What to produce: Copy out the entries exactly, from the first line to the last.

Saved entries

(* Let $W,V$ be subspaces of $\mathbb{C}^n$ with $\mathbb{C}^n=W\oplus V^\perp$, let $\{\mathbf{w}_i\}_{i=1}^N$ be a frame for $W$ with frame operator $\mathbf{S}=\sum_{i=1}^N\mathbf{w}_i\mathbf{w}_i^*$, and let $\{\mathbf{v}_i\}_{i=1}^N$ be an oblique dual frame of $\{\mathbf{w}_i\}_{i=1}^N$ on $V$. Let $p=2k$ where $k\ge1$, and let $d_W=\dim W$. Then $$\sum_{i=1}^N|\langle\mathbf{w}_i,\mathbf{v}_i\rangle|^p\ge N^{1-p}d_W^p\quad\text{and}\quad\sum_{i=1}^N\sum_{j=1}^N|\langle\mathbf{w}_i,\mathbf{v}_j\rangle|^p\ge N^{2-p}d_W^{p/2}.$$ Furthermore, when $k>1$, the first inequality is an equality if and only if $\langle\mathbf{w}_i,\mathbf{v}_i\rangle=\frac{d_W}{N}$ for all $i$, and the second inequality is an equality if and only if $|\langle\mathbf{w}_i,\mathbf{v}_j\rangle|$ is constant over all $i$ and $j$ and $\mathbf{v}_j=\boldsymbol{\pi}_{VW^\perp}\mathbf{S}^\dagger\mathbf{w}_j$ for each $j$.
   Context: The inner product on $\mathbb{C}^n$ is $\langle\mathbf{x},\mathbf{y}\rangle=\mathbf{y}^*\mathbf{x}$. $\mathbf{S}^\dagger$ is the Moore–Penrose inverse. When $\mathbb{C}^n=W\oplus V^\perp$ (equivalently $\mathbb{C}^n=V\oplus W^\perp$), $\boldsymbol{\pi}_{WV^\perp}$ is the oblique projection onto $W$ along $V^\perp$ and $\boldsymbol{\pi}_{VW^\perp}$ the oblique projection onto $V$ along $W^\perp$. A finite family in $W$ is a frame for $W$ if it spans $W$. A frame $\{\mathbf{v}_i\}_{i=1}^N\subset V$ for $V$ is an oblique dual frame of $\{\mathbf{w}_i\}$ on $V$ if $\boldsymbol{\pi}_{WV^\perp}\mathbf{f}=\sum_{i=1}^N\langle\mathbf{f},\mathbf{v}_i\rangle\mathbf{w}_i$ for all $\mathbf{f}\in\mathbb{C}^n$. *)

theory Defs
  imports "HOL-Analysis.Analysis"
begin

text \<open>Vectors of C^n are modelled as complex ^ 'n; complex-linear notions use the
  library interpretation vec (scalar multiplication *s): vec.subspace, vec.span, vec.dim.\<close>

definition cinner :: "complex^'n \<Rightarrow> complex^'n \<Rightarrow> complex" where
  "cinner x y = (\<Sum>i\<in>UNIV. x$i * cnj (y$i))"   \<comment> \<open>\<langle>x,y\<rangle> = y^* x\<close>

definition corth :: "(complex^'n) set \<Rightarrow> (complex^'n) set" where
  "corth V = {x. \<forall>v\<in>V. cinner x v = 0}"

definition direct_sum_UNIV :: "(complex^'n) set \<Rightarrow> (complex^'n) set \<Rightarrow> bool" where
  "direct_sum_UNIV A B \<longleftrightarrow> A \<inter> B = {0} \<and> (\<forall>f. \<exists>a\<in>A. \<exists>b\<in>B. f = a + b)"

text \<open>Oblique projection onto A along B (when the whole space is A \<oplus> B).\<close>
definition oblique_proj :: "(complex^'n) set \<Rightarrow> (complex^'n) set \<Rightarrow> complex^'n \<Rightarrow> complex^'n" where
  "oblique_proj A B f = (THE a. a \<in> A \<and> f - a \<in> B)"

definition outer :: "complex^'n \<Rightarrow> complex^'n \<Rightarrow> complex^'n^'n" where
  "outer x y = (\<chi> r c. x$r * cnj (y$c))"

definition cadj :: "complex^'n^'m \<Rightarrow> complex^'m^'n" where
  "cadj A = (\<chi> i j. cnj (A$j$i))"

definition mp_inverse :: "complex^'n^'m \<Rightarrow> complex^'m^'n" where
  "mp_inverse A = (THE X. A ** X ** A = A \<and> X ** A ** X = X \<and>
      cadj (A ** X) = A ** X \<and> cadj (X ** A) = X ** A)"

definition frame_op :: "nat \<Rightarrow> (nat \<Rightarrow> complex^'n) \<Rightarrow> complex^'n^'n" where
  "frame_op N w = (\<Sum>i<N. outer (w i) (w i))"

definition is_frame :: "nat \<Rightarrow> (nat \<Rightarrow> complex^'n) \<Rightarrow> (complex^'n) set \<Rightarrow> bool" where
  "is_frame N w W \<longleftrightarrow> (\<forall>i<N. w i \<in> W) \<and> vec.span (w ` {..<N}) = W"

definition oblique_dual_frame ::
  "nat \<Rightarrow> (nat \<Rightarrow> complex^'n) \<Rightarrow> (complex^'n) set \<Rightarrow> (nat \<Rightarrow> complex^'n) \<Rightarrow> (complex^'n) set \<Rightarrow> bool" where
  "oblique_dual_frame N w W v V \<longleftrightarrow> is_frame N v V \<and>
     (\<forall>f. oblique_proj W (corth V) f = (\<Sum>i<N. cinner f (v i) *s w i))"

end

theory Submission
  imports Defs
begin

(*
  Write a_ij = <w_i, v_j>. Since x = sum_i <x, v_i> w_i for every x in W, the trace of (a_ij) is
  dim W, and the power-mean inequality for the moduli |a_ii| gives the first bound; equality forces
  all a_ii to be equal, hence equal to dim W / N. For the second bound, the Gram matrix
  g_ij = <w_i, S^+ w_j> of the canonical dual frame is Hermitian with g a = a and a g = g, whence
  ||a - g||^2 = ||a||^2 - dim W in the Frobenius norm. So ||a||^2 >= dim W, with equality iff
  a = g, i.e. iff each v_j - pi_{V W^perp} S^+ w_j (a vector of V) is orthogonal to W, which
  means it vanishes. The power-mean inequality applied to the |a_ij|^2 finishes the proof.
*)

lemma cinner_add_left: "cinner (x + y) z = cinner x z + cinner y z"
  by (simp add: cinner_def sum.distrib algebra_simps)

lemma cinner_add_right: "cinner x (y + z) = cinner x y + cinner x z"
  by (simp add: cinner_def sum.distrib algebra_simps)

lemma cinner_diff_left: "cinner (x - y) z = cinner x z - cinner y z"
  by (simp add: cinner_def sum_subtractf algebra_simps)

Answer section:
(* Let $W,V$ be subspaces of $\mathbb{C}^n$ with $\mathbb{C}^n=W\oplus V^\perp$, let $\{\mathbf{w}_i\}_{i=1}^N$ be a frame for $W$ with frame operator $\mathbf{S}=\sum_{i=1}^N\mathbf{w}_i\mathbf{w}_i^*$, and let $\{\mathbf{v}_i\}_{i=1}^N$ be an oblique dual frame of $\{\mathbf{w}_i\}_{i=1}^N$ on $V$. Let $p=2k$ where $k\ge1$, and let $d_W=\dim W$. Then $$\sum_{i=1}^N|\langle\mathbf{w}_i,\mathbf{v}_i\rangle|^p\ge N^{1-p}d_W^p\quad\text{and}\quad\sum_{i=1}^N\sum_{j=1}^N|\langle\mathbf{w}_i,\mathbf{v}_j\rangle|^p\ge N^{2-p}d_W^{p/2}.$$ Furthermore, when $k>1$, the first inequality is an equality if and only if $\langle\mathbf{w}_i,\mathbf{v}_i\rangle=\frac{d_W}{N}$ for all $i$, and the second inequality is an equality if and only if $|\langle\mathbf{w}_i,\mathbf{v}_j\rangle|$ is constant over all $i$ and $j$ and $\mathbf{v}_j=\boldsymbol{\pi}_{VW^\perp}\mathbf{S}^\dagger\mathbf{w}_j$ for each $j$.
   Context: The inner product on $\mathbb{C}^n$ is $\langle\mathbf{x},\mathbf{y}\rangle=\mathbf{y}^*\mathbf{x}$. $\mathbf{S}^\dagger$ is the Moore–Penrose inverse. When $\mathbb{C}^n=W\oplus V^\perp$ (equivalently $\mathbb{C}^n=V\oplus W^\perp$), $\boldsymbol{\pi}_{WV^\perp}$ is the oblique projection onto $W$ along $V^\perp$ and $\boldsymbol{\pi}_{VW^\perp}$ the oblique projection onto $V$ along $W^\perp$. A finite family in $W$ is a frame for $W$ if it spans $W$. A frame $\{\mathbf{v}_i\}_{i=1}^N\subset V$ for $V$ is an oblique dual frame of $\{\mathbf{w}_i\}$ on $V$ if $\boldsymbol{\pi}_{WV^\perp}\mathbf{f}=\sum_{i=1}^N\langle\mathbf{f},\mathbf{v}_i\rangle\mathbf{w}_i$ for all $\mathbf{f}\in\mathbb{C}^n$. *)

theory Defs
  imports "HOL-Analysis.Analysis"
begin

text \<open>Vectors of C^n are modelled as complex ^ 'n; complex-linear notions use the
  library interpretation vec (scalar multiplication *s): vec.subspace, vec.span, vec.dim.\<close>

definition cinner :: "complex^'n \<Rightarrow> complex^'n \<Rightarrow> complex" where
  "cinner x y = (\<Sum>i\<in>UNIV. x$i * cnj (y$i))"   \<comment> \<open>\<langle>x,y\<rangle> = y^* x\<close>

definition corth :: "(complex^'n) set \<Rightarrow> (complex^'n) set" where
  "corth V = {x. \<forall>v\<in>V. cinner x v = 0}"

definition direct_sum_UNIV :: "(complex^'n) set \<Rightarrow> (complex^'n) set \<Rightarrow> bool" where
  "direct_sum_UNIV A B \<longleftrightarrow> A \<inter> B = {0} \<and> (\<forall>f. \<exists>a\<in>A. \<exists>b\<in>B. f = a + b)"

text \<open>Oblique projection onto A along B (when the whole space is A \<oplus> B).\<close>
definition oblique_proj :: "(complex^'n) set \<Rightarrow> (complex^'n) set \<Rightarrow> complex^'n \<Rightarrow> complex^'n" where
  "oblique_proj A B f = (THE a. a \<in> A \<and> f - a \<in> B)"

definition outer :: "complex^'n \<Rightarrow> complex^'n \<Rightarrow> complex^'n^'n" where
  "outer x y = (\<chi> r c. x$r * cnj (y$c))"

definition cadj :: "complex^'n^'m \<Rightarrow> complex^'m^'n" where
  "cadj A = (\<chi> i j. cnj (A$j$i))"

definition mp_inverse :: "complex^'n^'m \<Rightarrow> complex^'m^'n" where
  "mp_inverse A = (THE X. A ** X ** A = A \<and> X ** A ** X = X \<and>
      cadj (A ** X) = A ** X \<and> cadj (X ** A) = X ** A)"

definition frame_op :: "nat \<Rightarrow> (nat \<Rightarrow> complex^'n) \<Rightarrow> complex^'n^'n" where
  "frame_op N w = (\<Sum>i<N. outer (w i) (w i))"

definition is_frame :: "nat \<Rightarrow> (nat \<Rightarrow> complex^'n) \<Rightarrow> (complex^'n) set \<Rightarrow> bool" where
  "is_frame N w W \<longleftrightarrow> (\<forall>i<N. w i \<in> W) \<and> vec.span (w ` {..<N}) = W"

definition oblique_dual_frame ::
  "nat \<Rightarrow> (nat \<Rightarrow> complex^'n) \<Rightarrow> (complex^'n) set \<Rightarrow> (nat \<Rightarrow> complex^'n) \<Rightarrow> (complex^'n) set \<Rightarrow> bool" where
  "oblique_dual_frame N w W v V \<longleftrightarrow> is_frame N v V \<and>
     (\<forall>f. oblique_proj W (corth V) f = (\<Sum>i<N. cinner f (v i) *s w i))"

end

theory Submission
  imports Defs
begin

(*
  Write a_ij = <w_i, v_j>. Since x = sum_i <x, v_i> w_i for every x in W, the trace of (a_ij) is
  dim W, and the power-mean inequality for the moduli |a_ii| gives the first bound; equality forces
  all a_ii to be equal, hence equal to dim W / N. For the second bound, the Gram matrix
  g_ij = <w_i, S^+ w_j> of the canonical dual frame is Hermitian with g a = a and a g = g, whence
  ||a - g||^2 = ||a||^2 - dim W in the Frobenius norm. So ||a||^2 >= dim W, with equality iff
  a = g, i.e. iff each v_j - pi_{V W^perp} S^+ w_j (a vector of V) is orthogonal to W, which
  means it vanishes. The power-mean inequality applied to the |a_ij|^2 finishes the proof.
*)

lemma cinner_add_left: "cinner (x + y) z = cinner x z + cinner y z"
  by (simp add: cinner_def sum.distrib algebra_simps)

lemma cinner_add_right: "cinner x (y + z) = cinner x y + cinner x z"
  by (simp add: cinner_def sum.distrib algebra_simps)

lemma cinner_diff_left: "cinner (x - y) z = cinner x z - cinner y z"
  by (simp add: cinner_def sum_subtractf algebra_simps)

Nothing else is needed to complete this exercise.